11. The method according to claim 10, wherein said composing the update pixel blocks of the set of update pixel blocks into the second image based on the position information of each update pixel block in the first image comprises:

fusing overlapping pixel blocks of the updating pixel blocks in the same overlapping area to obtain a fused pixel block;

determining first position information of the fused pixel block and second position information of a non-overlapping pixel block based on position information of each update pixel block in the first image;

based on the first position information and the second position information, splicing the fusion pixel block and the non-overlapped pixel block to obtain a third feature map;

and decoding the third feature map to obtain the second image.
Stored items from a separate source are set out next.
(* Assume $c_1>c_2>0$ and $\sigma_0\sigma_1\neq0$. Let $\delta>0$ be sufficiently small, and let $\Phi\in B^6_{2\delta}(0)$ with $\phi_2^2+\phi_3^2>0$. Then the following identities hold. - For $i\in\{1,6\}$: $\gamma^i_{23}+\gamma^i_{32}=0$ and $\gamma^i_{45}+\gamma^i_{54}=0$. - For $i=3$: $-c^3_{32}+\gamma^3_{32}=0$ and $\gamma^3_{45}+\gamma^3_{54}=0$. - For $i=4$: $-c^4_{45}+\gamma^4_{45}=0$ and $\gamma^4_{23}+\gamma^4_{32}=0$. In other words, in the decomposed equations for $w^1,w^3,w^4,w^6$ the terms $w^2w^3$ and $w^4w^5$ do not appear. Moreover, there is a constant $C$ such that each of the four quantities $$-c^2_{23}+\gamma^2_{23},\qquad \gamma^2_{45}+\gamma^2_{54},\qquad -c^5_{54}+\gamma^5_{54},\qquad \gamma^5_{23}+\gamma^5_{32}$$ has absolute value at most $C|\lambda_2(\Phi)-\lambda_3(\Phi)|$ on this set. That is, in the equations for $w^2,w^5$ the coefficients of $w^2w^3$ and $w^4w^5$ carry a factor $\lambda_2-\lambda_3$.
   Context: Set $$a=c_1^2+2\sigma_0\phi_1,\quad b=c_2^2+2\sigma_1\phi_1,\quad c=2\sigma_1\phi_2,\quad d=2\sigma_1\phi_3,\quad \Delta=(a-b)^2+4(c^2+d^2).$$ Eigenvalues: $$\lambda_1=-\lambda_6=\sqrt{\tfrac12(a+b)+\tfrac12\sqrt\Delta},\qquad\lambda_2=-\lambda_5=\sqrt b,\qquad\lambda_3=-\lambda_4=\sqrt{\tfrac12(a+b)-\tfrac12\sqrt\Delta}.$$ Right eigenvectors (column vectors): $$r_1=\big(\tfrac{\lambda_1^2-b}{2\sigma_1},\phi_2,\phi_3,-\tfrac{\lambda_1(\lambda_1^2-b)}{2\sigma_1},-\lambda_1\phi_2,-\lambda_1\phi_3\big),$$ $$r_2=(0,\phi_3,-\phi_2,0,-\lambda_2\phi_3,\lambda_2\phi_2),$$ $$r_3=\big(\tfrac{\lambda_3^2-b}{2\sigma_1},\phi_2,\phi_3,-\tfrac{\lambda_3(\lambda_3^2-b)}{2\sigma_1},-\lambda_3\phi_2,-\lambda_3\phi_3\big),$$ $$r_4=\big(\tfrac{\lambda_3^2-b}{2\sigma_1},\phi_2,\phi_3,\tfrac{\lambda_3(\lambda_3^2-b)}{2\sigma_1},\lambda_3\phi_2,\lambda_3\phi_3\big),$$ $$r_5=(0,\phi_3,-\phi_2,0,\lambda_2\phi_3,-\lambda_2\phi_2),$$ $$r_6=\big(\tfrac{\lambda_1^2-b}{2\sigma_1},\phi_2,\phi_3,\tfrac{\lambda_1(\lambda_1^2-b)}{2\sigma_1},\lambda_1\phi_2,\lambda_1\phi_3\big).$$ Left eigenvectors (row vectors): $$l^1=\tfrac1K\big(\tfrac{\lambda_1^2-b}{2\sigma_1},\phi_2,\phi_3,-\tfrac{\lambda_1^2-b}{2\sigma_1\lambda_1},-\tfrac{\phi_2}{\lambda_1},-\tfrac{\phi_3}{\lambda_1}\big),$$ $$l^2=\tfrac1M\big(0,\phi_3,-\phi_2,0,-\tfrac{\phi_3}{\lambda_2},\tfrac{\phi_2}{\lambda_2}\big),$$ $$l^3=\tfrac1N\big(\tfrac{\lambda_3^2-b}{2\sigma_1},\phi_2,\phi_3,-\tfrac{\lambda_3^2-b}{2\sigma_1\lambda_3},-\tfrac{\phi_2}{\lambda_3},-\tfrac{\phi_3}{\lambda_3}\big),$$ $$l^4=\tfrac1N\big(\tfrac{\lambda_3^2-b}{2\sigma_1},\phi_2,\phi_3,\tfrac{\lambda_3^2-b}{2\sigma_1\lambda_3},\tfrac{\phi_2}{\lambda_3},\tfrac{\phi_3}{\lambda_3}\big),$$ $$l^5=\tfrac1M\big(0,\phi_3,-\phi_2,0,\tfrac{\phi_3}{\lambda_2},-\tfrac{\phi_2}{\lambda_2}\big),$$ $$l^6=\tfrac1K\big(\tfrac{\lambda_1^2-b}{2\sigma_1},\phi_2,\phi_3,\tfrac{\lambda_1^2-b}{2\sigma_1\lambda_1},\tfrac{\phi_2}{\lambda_1},\tfrac{\phi_3}{\lambda_1}\big),$$ where $$K=\tfrac{\Delta+(a-b)\sqrt\Delta}{4\sigma_1^2},\qquad M=2(\phi_2^2+\phi_3^2),\qquad N=\tfrac{\Delta-(a-b)\sqrt\Delta}{4\sigma_1^2},$$ so that $l^ir_j=\delta^i_j$. Coefficients: $c^i_{im}=\nabla_\Phi\lambda_i\cdot r_m$. For vector fields $r,s$ on $\mathbb{R}^6$, let $\nabla_\Phi r\cdot s=\sum_j s_j\,\partial_{\phi_j}r$ denote the derivative of $r$ in direction $s$. For $m\neq i$: $$\gamma^i_{im}=-(\lambda_i-\lambda_m)\,l^i\cdot(\nabla_\Phi r_i\cdot r_m-\nabla_\Phi r_m\cdot r_i).$$ For $k\neq i$ and $m\neq i$: $$\gamma^i_{km}=-(\lambda_k-\lambda_m)\,l^i\cdot(\nabla_\Phi r_k\cdot r_m).$$ These are the coefficients of the wave decomposition $w^i=l^i\partial_x\Phi$: $$(\partial_t+\lambda_i\partial_x)w^i=-c^i_{ii}(w^i)^2+\sum_{m\neq i}(-c^i_{im}+\gamma^i_{im})w^mw^i+\sum_{m\ne i,\,k\ne i,\,m\ne k}\gamma^i_{km}w^kw^m.$$ *)

theory Defs
  imports "HOL-Analysis.Analysis"
begin

definition pa :: "real \<Rightarrow> real \<Rightarrow> real \<Rightarrow> real \<Rightarrow> real^6 \<Rightarrow> real" where
  "pa c1 c2 s0 s1 P = c1^2 + 2* s0*(P$1)"
definition pb :: "real \<Rightarrow> real \<Rightarrow> real \<Rightarrow> real \<Rightarrow> real^6 \<Rightarrow> real" where
  "pb c1 c2 s0 s1 P = c2^2 + 2* s1*(P$1)"
definition pc :: "real \<Rightarrow> real \<Rightarrow> real \<Rightarrow> real \<Rightarrow> real^6 \<Rightarrow> real" where
  "pc c1 c2 s0 s1 P = 2* s1*(P$2)"
definition pd :: "real \<Rightarrow> real \<Rightarrow> real \<Rightarrow> real \<Rightarrow> real^6 \<Rightarrow> real" where
  "pd c1 c2 s0 s1 P = 2* s1*(P$3)"
definition pDelta :: "real \<Rightarrow> real \<Rightarrow> real \<Rightarrow> real \<Rightarrow> real^6 \<Rightarrow> real" where
  "pDelta c1 c2 s0 s1 P = (pa c1 c2 s0 s1 P - pb c1 c2 s0 s1 P)^2
     + 4*((pc c1 c2 s0 s1 P)^2 + (pd c1 c2 s0 s1 P)^2)"

definition lam :: "real \<Rightarrow> real \<Rightarrow> real \<Rightarrow> real \<Rightarrow> nat \<Rightarrow> real^6 \<Rightarrow> real" where
  "lam c1 c2 s0 s1 i P =
    (let a = pa c1 c2 s0 s1 P; b = pb c1 c2 s0 s1 P; D = pDelta c1 c2 s0 s1 P;
         l1 = sqrt ((a+b)/2 + sqrt D / 2); l2 = sqrt b; l3 = sqrt ((a+b)/2 - sqrt D / 2)
     in if i = 1 then l1 else if i = 2 then l2 else if i = 3 then l3
        else if i = 4 then - l3 else if i = 5 then - l2 else if i = 6 then - l1 else 0)"

definition rv :: "real \<Rightarrow> real \<Rightarrow> real \<Rightarrow> real \<Rightarrow> nat \<Rightarrow> real^6 \<Rightarrow> real^6" where
  "rv c1 c2 s0 s1 i P =
    (let b = pb c1 c2 s0 s1 P; l1 = lam c1 c2 s0 s1 1 P; l2 = lam c1 c2 s0 s1 2 P;
         l3 = lam c1 c2 s0 s1 3 P; p2 = P$2; p3 = P$3
     in if i = 1 then vector [(l1^2 - b)/(2* s1), p2, p3, - l1*(l1^2 - b)/(2* s1), - l1*p2, - l1*p3]
        else if i = 2 then vector [0, p3, - p2, 0, - l2*p3, l2*p2]
        else if i = 3 then vector [(l3^2 - b)/(2* s1), p2, p3, - l3*(l3^2 - b)/(2* s1), - l3*p2, - l3*p3]
        else if i = 4 then vector [(l3^2 - b)/(2* s1), p2, p3, l3*(l3^2 - b)/(2* s1), l3*p2, l3*p3]
        else if i = 5 then vector [0, p3, - p2, 0, l2*p3, - l2*p2]
        else if i = 6 then vector [(l1^2 - b)/(2* s1), p2, p3, l1*(l1^2 - b)/(2* s1), l1*p2, l1*p3]
        else 0)"

definition pK :: "real \<Rightarrow> real \<Rightarrow> real \<Rightarrow> real \<Rightarrow> real^6 \<Rightarrow> real" where
  "pK c1 c2 s0 s1 P = (pDelta c1 c2 s0 s1 P + (pa c1 c2 s0 s1 P - pb c1 c2 s0 s1 P) * sqrt (pDelta c1 c2 s0 s1 P)) / (4* s1^2)"
definition pM :: "real^6 \<Rightarrow> real" where
  "pM P = 2*((P$2)^2 + (P$3)^2)"
definition pN :: "real \<Rightarrow> real \<Rightarrow> real \<Rightarrow> real \<Rightarrow> real^6 \<Rightarrow> real" where
  "pN c1 c2 s0 s1 P = (pDelta c1 c2 s0 s1 P - (pa c1 c2 s0 s1 P - pb c1 c2 s0 s1 P) * sqrt (pDelta c1 c2 s0 s1 P)) / (4* s1^2)"

definition lv :: "real \<Rightarrow> real \<Rightarrow> real \<Rightarrow> real \<Rightarrow> nat \<Rightarrow> real^6 \<Rightarrow> real^6" where
  "lv c1 c2 s0 s1 i P =
    (let b = pb c1 c2 s0 s1 P; l1 = lam c1 c2 s0 s1 1 P; l2 = lam c1 c2 s0 s1 2 P;
         l3 = lam c1 c2 s0 s1 3 P; p2 = P$2; p3 = P$3;
         K = pK c1 c2 s0 s1 P; M = pM P; N = pN c1 c2 s0 s1 P
     in if i = 1 then (1/K) *\<^sub>R vector [(l1^2 - b)/(2* s1), p2, p3, - (l1^2 - b)/(2* s1*l1), - p2/l1, - p3/l1]
        else if i = 2 then (1/M) *\<^sub>R vector [0, p3, - p2, 0, - p3/l2, p2/l2]
        else if i = 3 then (1/N) *\<^sub>R vector [(l3^2 - b)/(2* s1), p2, p3, - (l3^2 - b)/(2* s1*l3), - p2/l3, - p3/l3]
        else if i = 4 then (1/N) *\<^sub>R vector [(l3^2 - b)/(2* s1), p2, p3, (l3^2 - b)/(2* s1*l3), p2/l3, p3/l3]
        else if i = 5 then (1/M) *\<^sub>R vector [0, p3, - p2, 0, p3/l2, - p2/l2]
        else if i = 6 then (1/K) *\<^sub>R vector [(l1^2 - b)/(2* s1), p2, p3, (l1^2 - b)/(2* s1*l1), p2/l1, p3/l1]
        else 0)"

definition partial_s :: "(real^6 \<Rightarrow> real) \<Rightarrow> real^6 \<Rightarrow> 6 \<Rightarrow> real" where
  "partial_s f P j = deriv (\<lambda>t. f (P + t *\<^sub>R axis j 1)) 0"
definition partial_v :: "(real^6 \<Rightarrow> real^6) \<Rightarrow> real^6 \<Rightarrow> 6 \<Rightarrow> real^6" where
  "partial_v r P j = (\<chi> k. deriv (\<lambda>t. r (P + t *\<^sub>R axis j 1) $ k) 0)"
definition dir_s :: "(real^6 \<Rightarrow> real) \<Rightarrow> real^6 \<Rightarrow> real^6 \<Rightarrow> real" where
  "dir_s f P s = (\<Sum>j\<in>UNIV. s$j * partial_s f P j)"
definition dir_v :: "(real^6 \<Rightarrow> real^6) \<Rightarrow> real^6 \<Rightarrow> real^6 \<Rightarrow> real^6" where
  "dir_v r P s = (\<Sum>j\<in>UNIV. (s$j) *\<^sub>R partial_v r P j)"

text \<open>c^i_{im} = nabla lambda_i . r_m (written ccoef i m).\<close>
definition ccoef :: "real \<Rightarrow> real \<Rightarrow> real \<Rightarrow> real \<Rightarrow> nat \<Rightarrow> nat \<Rightarrow> real^6 \<Rightarrow> real" where
  "ccoef c1 c2 s0 s1 i m P = dir_s (lam c1 c2 s0 s1 i) P (rv c1 c2 s0 s1 m P)"

text \<open>gamma^i_{km}: for k = i the formula for gamma^i_{im}; otherwise the formula for k, m \<noteq> i.\<close>
definition gam :: "real \<Rightarrow> real \<Rightarrow> real \<Rightarrow> real \<Rightarrow> nat \<Rightarrow> nat \<Rightarrow> nat \<Rightarrow> real^6 \<Rightarrow> real" where
  "gam c1 c2 s0 s1 i k m P =
    (if k = i then
       - (lam c1 c2 s0 s1 i P - lam c1 c2 s0 s1 m P) *
         (lv c1 c2 s0 s1 i P \<bullet> (dir_v (rv c1 c2 s0 s1 i) P (rv c1 c2 s0 s1 m P)
                                 - dir_v (rv c1 c2 s0 s1 m) P (rv c1 c2 s0 s1 i P)))
     else
       - (lam c1 c2 s0 s1 k P - lam c1 c2 s0 s1 m P) *
         (lv c1 c2 s0 s1 i P \<bullet> dir_v (rv c1 c2 s0 s1 k) P (rv c1 c2 s0 s1 m P)))"

end

theory Submission
  imports Defs
begin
12. An image restoration apparatus, characterized in that the apparatus comprises:

the first acquisition module is used for acquiring a first image;

13. A computer storage medium having computer-executable instructions stored thereon, the computer-executable instructions being executable to implement the image inpainting method of any one of claims 1 to 11.

14. An electronic device, comprising a memory having computer-executable instructions stored thereon and a processor capable of implementing the image inpainting method of any one of claims 1 to 11 when the processor executes the computer-executable instructions on the memory.